* [Data for this task]:

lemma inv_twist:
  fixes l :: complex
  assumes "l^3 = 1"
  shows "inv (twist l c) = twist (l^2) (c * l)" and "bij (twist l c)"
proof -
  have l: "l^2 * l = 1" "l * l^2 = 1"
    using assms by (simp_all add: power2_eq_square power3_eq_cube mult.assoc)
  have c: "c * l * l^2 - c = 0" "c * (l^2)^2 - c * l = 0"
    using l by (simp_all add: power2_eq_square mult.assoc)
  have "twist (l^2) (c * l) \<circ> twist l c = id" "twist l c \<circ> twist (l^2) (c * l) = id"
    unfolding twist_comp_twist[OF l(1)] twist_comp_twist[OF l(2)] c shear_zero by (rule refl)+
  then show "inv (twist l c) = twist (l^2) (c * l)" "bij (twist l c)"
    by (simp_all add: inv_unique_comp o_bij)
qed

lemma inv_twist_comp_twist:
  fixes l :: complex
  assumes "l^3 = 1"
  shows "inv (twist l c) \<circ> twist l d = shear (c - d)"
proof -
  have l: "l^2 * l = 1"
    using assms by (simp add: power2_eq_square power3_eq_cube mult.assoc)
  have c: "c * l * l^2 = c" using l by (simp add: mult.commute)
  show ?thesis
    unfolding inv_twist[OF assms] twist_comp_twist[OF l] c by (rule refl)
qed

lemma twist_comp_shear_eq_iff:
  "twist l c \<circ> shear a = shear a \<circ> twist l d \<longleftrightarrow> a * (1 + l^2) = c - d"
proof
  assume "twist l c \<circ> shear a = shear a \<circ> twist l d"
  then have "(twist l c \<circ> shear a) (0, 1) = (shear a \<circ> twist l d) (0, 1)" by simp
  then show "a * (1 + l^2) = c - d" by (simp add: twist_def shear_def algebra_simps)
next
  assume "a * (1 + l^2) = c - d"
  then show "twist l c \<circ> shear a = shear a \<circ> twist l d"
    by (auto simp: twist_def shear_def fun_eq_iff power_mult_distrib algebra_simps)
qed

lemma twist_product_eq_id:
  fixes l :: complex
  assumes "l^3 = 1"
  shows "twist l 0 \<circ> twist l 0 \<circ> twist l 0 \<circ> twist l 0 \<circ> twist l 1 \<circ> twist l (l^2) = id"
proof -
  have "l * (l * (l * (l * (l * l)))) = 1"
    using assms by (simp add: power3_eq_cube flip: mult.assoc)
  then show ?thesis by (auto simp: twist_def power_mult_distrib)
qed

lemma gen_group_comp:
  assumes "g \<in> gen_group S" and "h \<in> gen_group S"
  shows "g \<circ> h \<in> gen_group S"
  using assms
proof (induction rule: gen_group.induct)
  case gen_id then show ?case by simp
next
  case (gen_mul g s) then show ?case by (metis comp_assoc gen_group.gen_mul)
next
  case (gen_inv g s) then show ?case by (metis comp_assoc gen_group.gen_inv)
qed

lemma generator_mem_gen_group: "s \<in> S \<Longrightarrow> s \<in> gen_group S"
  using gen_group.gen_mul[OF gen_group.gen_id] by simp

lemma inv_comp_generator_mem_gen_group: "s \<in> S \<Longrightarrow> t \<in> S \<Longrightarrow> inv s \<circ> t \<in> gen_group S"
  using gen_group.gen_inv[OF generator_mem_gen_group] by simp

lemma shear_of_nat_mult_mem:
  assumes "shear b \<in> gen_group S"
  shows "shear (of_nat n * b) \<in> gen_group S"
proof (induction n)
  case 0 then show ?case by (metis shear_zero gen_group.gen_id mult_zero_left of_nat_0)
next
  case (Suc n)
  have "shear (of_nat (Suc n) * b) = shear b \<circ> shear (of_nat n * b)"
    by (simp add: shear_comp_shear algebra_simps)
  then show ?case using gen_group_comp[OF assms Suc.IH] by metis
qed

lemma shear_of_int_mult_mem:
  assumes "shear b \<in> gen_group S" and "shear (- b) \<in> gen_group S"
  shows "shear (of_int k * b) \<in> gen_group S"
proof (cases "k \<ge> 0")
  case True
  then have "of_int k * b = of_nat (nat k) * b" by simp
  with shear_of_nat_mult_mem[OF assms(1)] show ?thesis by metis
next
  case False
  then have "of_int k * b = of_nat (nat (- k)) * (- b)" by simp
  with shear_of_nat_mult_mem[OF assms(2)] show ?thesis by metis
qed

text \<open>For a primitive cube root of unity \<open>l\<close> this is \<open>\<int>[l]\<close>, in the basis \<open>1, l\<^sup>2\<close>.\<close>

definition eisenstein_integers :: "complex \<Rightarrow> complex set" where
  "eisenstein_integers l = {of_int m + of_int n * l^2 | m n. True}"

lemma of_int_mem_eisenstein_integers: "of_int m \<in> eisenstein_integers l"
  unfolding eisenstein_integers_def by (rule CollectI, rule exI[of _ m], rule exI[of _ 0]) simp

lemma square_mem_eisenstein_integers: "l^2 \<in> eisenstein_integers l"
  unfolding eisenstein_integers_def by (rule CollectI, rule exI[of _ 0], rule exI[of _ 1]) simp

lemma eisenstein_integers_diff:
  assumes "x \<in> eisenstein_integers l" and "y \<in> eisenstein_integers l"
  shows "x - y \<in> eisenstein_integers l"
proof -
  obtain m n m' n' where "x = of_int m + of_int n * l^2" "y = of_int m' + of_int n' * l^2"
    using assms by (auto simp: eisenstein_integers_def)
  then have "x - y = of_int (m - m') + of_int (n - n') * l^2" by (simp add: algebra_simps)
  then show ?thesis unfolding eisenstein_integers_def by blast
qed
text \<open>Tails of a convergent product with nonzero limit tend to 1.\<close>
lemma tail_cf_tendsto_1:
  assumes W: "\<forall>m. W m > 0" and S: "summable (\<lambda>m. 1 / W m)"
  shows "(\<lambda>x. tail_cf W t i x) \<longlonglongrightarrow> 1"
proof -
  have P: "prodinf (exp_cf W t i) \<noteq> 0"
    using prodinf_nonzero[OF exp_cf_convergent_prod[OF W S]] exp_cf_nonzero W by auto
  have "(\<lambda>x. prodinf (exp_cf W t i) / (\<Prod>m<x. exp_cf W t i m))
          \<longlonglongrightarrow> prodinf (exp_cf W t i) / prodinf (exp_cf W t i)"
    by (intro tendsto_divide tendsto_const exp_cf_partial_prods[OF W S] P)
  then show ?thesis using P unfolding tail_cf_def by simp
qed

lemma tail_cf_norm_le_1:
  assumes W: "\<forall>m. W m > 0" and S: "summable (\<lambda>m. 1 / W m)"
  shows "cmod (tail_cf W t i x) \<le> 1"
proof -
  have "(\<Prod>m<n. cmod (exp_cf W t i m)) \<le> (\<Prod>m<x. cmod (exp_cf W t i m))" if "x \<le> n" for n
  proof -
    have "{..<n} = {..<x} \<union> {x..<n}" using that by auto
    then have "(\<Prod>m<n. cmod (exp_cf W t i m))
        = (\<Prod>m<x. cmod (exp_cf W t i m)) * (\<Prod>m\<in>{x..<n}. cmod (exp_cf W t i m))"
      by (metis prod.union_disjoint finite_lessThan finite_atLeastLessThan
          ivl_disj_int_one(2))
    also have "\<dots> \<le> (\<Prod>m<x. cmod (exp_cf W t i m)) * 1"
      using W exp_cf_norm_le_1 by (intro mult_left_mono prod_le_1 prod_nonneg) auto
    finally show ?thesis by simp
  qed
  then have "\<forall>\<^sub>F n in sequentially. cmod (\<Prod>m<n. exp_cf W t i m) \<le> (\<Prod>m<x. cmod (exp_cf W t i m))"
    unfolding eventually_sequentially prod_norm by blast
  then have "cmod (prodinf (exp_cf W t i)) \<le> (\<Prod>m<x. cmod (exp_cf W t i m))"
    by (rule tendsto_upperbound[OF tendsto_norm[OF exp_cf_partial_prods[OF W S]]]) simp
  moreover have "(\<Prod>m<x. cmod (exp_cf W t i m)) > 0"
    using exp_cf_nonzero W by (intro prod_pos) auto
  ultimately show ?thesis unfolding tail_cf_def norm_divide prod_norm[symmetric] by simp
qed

* [Directions]:
Which lines above run from the one containing "text \<open>Tails of" down to the one containing "(\<Prod>m<x. exp_cf W t i m))"? Repeat exactly those, both ends included, and nothing else.

* [Answer area]:
text \<open>Tails of a convergent product with nonzero limit tend to 1.\<close>
lemma tail_cf_tendsto_1:
  assumes W: "\<forall>m. W m > 0" and S: "summable (\<lambda>m. 1 / W m)"
  shows "(\<lambda>x. tail_cf W t i x) \<longlonglongrightarrow> 1"
proof -
  have P: "prodinf (exp_cf W t i) \<noteq> 0"
    using prodinf_nonzero[OF exp_cf_convergent_prod[OF W S]] exp_cf_nonzero W by auto
  have "(\<lambda>x. prodinf (exp_cf W t i) / (\<Prod>m<x. exp_cf W t i m))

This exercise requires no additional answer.